What you return must match the listing below exactly.

_____

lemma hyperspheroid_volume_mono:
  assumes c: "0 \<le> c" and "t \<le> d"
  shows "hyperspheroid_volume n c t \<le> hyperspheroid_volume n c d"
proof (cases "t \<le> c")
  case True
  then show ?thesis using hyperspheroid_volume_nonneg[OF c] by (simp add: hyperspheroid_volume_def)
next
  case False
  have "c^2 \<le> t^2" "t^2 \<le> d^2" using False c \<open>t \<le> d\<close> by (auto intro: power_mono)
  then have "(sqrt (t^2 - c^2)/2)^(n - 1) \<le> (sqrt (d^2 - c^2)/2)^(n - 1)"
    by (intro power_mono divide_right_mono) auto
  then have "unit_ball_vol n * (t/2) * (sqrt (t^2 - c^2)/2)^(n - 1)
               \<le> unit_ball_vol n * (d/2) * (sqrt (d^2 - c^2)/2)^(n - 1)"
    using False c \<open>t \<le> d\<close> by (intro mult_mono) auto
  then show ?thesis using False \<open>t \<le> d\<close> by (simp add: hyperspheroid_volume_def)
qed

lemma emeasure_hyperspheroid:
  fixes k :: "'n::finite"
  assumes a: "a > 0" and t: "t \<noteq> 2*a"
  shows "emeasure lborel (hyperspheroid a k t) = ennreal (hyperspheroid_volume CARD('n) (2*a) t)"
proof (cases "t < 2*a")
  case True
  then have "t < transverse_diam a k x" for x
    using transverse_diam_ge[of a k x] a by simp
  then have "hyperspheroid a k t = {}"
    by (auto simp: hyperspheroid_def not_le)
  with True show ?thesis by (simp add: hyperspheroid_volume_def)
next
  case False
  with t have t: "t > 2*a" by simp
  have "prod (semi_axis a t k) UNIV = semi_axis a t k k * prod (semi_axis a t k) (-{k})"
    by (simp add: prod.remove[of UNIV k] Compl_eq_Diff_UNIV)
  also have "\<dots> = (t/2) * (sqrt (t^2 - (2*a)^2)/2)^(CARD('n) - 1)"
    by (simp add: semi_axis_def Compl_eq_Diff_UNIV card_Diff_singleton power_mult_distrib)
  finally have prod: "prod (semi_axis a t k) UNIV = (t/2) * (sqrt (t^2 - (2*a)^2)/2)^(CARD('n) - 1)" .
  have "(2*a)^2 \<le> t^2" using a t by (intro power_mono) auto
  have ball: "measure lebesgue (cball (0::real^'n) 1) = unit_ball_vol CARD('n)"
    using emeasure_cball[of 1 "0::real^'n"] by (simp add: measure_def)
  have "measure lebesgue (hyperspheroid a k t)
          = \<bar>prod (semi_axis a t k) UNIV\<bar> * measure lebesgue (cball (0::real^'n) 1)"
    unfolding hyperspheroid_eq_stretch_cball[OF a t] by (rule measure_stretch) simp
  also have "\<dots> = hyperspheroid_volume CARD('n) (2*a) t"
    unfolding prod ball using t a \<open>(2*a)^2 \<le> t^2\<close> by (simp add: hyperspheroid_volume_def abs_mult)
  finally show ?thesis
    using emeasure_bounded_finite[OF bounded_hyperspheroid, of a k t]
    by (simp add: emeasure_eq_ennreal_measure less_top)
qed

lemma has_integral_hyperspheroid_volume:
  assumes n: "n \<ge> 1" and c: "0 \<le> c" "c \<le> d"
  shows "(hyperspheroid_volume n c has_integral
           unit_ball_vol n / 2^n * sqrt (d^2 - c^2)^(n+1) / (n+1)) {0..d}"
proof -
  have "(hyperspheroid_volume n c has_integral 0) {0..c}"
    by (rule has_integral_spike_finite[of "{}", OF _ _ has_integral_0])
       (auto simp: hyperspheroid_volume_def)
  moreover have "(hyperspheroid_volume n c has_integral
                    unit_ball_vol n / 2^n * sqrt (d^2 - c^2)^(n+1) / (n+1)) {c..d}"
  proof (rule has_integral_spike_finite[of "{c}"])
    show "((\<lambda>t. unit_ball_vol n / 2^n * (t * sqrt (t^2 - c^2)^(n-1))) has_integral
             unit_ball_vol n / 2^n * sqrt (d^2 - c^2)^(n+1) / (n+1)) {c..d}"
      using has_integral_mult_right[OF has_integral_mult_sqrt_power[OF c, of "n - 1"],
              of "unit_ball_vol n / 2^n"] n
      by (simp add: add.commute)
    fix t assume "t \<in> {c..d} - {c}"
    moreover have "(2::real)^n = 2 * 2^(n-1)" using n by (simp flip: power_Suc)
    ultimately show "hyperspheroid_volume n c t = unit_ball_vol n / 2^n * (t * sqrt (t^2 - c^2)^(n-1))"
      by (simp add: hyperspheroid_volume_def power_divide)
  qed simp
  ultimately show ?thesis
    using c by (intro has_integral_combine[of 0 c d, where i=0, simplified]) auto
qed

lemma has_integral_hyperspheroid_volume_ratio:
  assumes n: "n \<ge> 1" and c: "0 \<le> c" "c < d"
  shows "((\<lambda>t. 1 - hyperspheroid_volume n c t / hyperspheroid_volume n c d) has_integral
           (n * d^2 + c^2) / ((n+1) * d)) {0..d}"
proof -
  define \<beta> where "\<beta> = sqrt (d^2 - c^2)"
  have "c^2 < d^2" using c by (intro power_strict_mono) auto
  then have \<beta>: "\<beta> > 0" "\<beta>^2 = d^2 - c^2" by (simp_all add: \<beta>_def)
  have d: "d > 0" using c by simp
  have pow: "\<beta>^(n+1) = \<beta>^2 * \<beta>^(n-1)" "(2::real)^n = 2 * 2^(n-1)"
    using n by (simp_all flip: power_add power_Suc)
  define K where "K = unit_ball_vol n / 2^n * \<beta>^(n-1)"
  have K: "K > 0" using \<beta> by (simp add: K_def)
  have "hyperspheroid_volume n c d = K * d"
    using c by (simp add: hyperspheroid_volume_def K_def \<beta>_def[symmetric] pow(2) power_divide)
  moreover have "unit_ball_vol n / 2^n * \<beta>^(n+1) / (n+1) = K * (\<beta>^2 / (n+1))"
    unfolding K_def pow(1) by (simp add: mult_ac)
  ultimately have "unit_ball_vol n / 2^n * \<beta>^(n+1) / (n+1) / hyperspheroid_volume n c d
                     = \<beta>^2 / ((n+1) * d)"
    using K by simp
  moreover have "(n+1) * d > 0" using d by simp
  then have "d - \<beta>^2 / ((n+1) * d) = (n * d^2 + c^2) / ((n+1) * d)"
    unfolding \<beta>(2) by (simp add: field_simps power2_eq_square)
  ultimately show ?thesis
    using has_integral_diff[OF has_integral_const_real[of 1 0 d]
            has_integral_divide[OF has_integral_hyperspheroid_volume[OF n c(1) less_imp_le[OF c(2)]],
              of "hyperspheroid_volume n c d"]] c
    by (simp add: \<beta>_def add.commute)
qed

_____

RESPONSE TO THE TASK:
lemma hyperspheroid_volume_mono:
  assumes c: "0 \<le> c" and "t \<le> d"
  shows "hyperspheroid_volume n c t \<le> hyperspheroid_volume n c d"
proof (cases "t \<le> c")
  case True
  then show ?thesis using hyperspheroid_volume_nonneg[OF c] by (simp add: hyperspheroid_volume_def)
next
  case False
  have "c^2 \<le> t^2" "t^2 \<le> d^2" using False c \<open>t \<le> d\<close> by (auto intro: power_mono)
  then have "(sqrt (t^2 - c^2)/2)^(n - 1) \<le> (sqrt (d^2 - c^2)/2)^(n - 1)"
    by (intro power_mono divide_right_mono) auto
  then have "unit_ball_vol n * (t/2) * (sqrt (t^2 - c^2)/2)^(n - 1)
               \<le> unit_ball_vol n * (d/2) * (sqrt (d^2 - c^2)/2)^(n - 1)"
    using False c \<open>t \<le> d\<close> by (intro mult_mono) auto
  then show ?thesis using False \<open>t \<le> d\<close> by (simp add: hyperspheroid_volume_def)
qed

lemma emeasure_hyperspheroid:
  fixes k :: "'n::finite"
  assumes a: "a > 0" and t: "t \<noteq> 2*a"
  shows "emeasure lborel (hyperspheroid a k t) = ennreal (hyperspheroid_volume CARD('n) (2*a) t)"
proof (cases "t < 2*a")
  case True
  then have "t < transverse_diam a k x" for x
    using transverse_diam_ge[of a k x] a by simp
  then have "hyperspheroid a k t = {}"
    by (auto simp: hyperspheroid_def not_le)
  with True show ?thesis by (simp add: hyperspheroid_volume_def)
next
  case False
  with t have t: "t > 2*a" by simp
  have "prod (semi_axis a t k) UNIV = semi_axis a t k k * prod (semi_axis a t k) (-{k})"
    by (simp add: prod.remove[of UNIV k] Compl_eq_Diff_UNIV)
  also have "\<dots> = (t/2) * (sqrt (t^2 - (2*a)^2)/2)^(CARD('n) - 1)"
    by (simp add: semi_axis_def Compl_eq_Diff_UNIV card_Diff_singleton power_mult_distrib)
  finally have prod: "prod (semi_axis a t k) UNIV = (t/2) * (sqrt (t^2 - (2*a)^2)/2)^(CARD('n) - 1)" .
  have "(2*a)^2 \<le> t^2" using a t by (intro power_mono) auto
  have ball: "measure lebesgue (cball (0::real^'n) 1) = unit_ball_vol CARD('n)"
    using emeasure_cball[of 1 "0::real^'n"] by (simp add: measure_def)
  have "measure lebesgue (hyperspheroid a k t)
          = \<bar>prod (semi_axis a t k) UNIV\<bar> * measure lebesgue (cball (0::real^'n) 1)"
    unfolding hyperspheroid_eq_stretch_cball[OF a t] by (rule measure_stretch) simp
  also have "\<dots> = hyperspheroid_volume CARD('n) (2*a) t"
    unfolding prod ball using t a \<open>(2*a)^2 \<le> t^2\<close> by (simp add: hyperspheroid_volume_def abs_mult)
  finally show ?thesis
    using emeasure_bounded_finite[OF bounded_hyperspheroid, of a k t]
    by (simp add: emeasure_eq_ennreal_measure less_top)
qed

lemma has_integral_hyperspheroid_volume:
  assumes n: "n \<ge> 1" and c: "0 \<le> c" "c \<le> d"
  shows "(hyperspheroid_volume n c has_integral
           unit_ball_vol n / 2^n * sqrt (d^2 - c^2)^(n+1) / (n+1)) {0..d}"
proof -
  have "(hyperspheroid_volume n c has_integral 0) {0..c}"
    by (rule has_integral_spike_finite[of "{}", OF _ _ has_integral_0])
       (auto simp: hyperspheroid_volume_def)
  moreover have "(hyperspheroid_volume n c has_integral
                    unit_ball_vol n / 2^n * sqrt (d^2 - c^2)^(n+1) / (n+1)) {c..d}"
  proof (rule has_integral_spike_finite[of "{c}"])
    show "((\<lambda>t. unit_ball_vol n / 2^n * (t * sqrt (t^2 - c^2)^(n-1))) has_integral
             unit_ball_vol n / 2^n * sqrt (d^2 - c^2)^(n+1) / (n+1)) {c..d}"
      using has_integral_mult_right[OF has_integral_mult_sqrt_power[OF c, of "n - 1"],
              of "unit_ball_vol n / 2^n"] n
      by (simp add: add.commute)
    fix t assume "t \<in> {c..d} - {c}"
    moreover have "(2::real)^n = 2 * 2^(n-1)" using n by (simp flip: power_Suc)
    ultimately show "hyperspheroid_volume n c t = unit_ball_vol n / 2^n * (t * sqrt (t^2 - c^2)^(n-1))"
      by (simp add: hyperspheroid_volume_def power_divide)
  qed simp
  ultimately show ?thesis
    using c by (intro has_integral_combine[of 0 c d, where i=0, simplified]) auto
qed

lemma has_integral_hyperspheroid_volume_ratio:
  assumes n: "n \<ge> 1" and c: "0 \<le> c" "c < d"
  shows "((\<lambda>t. 1 - hyperspheroid_volume n c t / hyperspheroid_volume n c d) has_integral
           (n * d^2 + c^2) / ((n+1) * d)) {0..d}"
proof -
  define \<beta> where "\<beta> = sqrt (d^2 - c^2)"
  have "c^2 < d^2" using c by (intro power_strict_mono) auto
  then have \<beta>: "\<beta> > 0" "\<beta>^2 = d^2 - c^2" by (simp_all add: \<beta>_def)
  have d: "d > 0" using c by simp
  have pow: "\<beta>^(n+1) = \<beta>^2 * \<beta>^(n-1)" "(2::real)^n = 2 * 2^(n-1)"
    using n by (simp_all flip: power_add power_Suc)
  define K where "K = unit_ball_vol n / 2^n * \<beta>^(n-1)"
  have K: "K > 0" using \<beta> by (simp add: K_def)
  have "hyperspheroid_volume n c d = K * d"
    using c by (simp add: hyperspheroid_volume_def K_def \<beta>_def[symmetric] pow(2) power_divide)
  moreover have "unit_ball_vol n / 2^n * \<beta>^(n+1) / (n+1) = K * (\<beta>^2 / (n+1))"
    unfolding K_def pow(1) by (simp add: mult_ac)
  ultimately have "unit_ball_vol n / 2^n * \<beta>^(n+1) / (n+1) / hyperspheroid_volume n c d
                     = \<beta>^2 / ((n+1) * d)"
    using K by simp
  moreover have "(n+1) * d > 0" using d by simp
  then have "d - \<beta>^2 / ((n+1) * d) = (n * d^2 + c^2) / ((n+1) * d)"
    unfolding \<beta>(2) by (simp add: field_simps power2_eq_square)
  ultimately show ?thesis
    using has_integral_diff[OF has_integral_const_real[of 1 0 d]
            has_integral_divide[OF has_integral_hyperspheroid_volume[OF n c(1) less_imp_le[OF c(2)]],
              of "hyperspheroid_volume n c d"]] c
    by (simp add: \<beta>_def add.commute)
qed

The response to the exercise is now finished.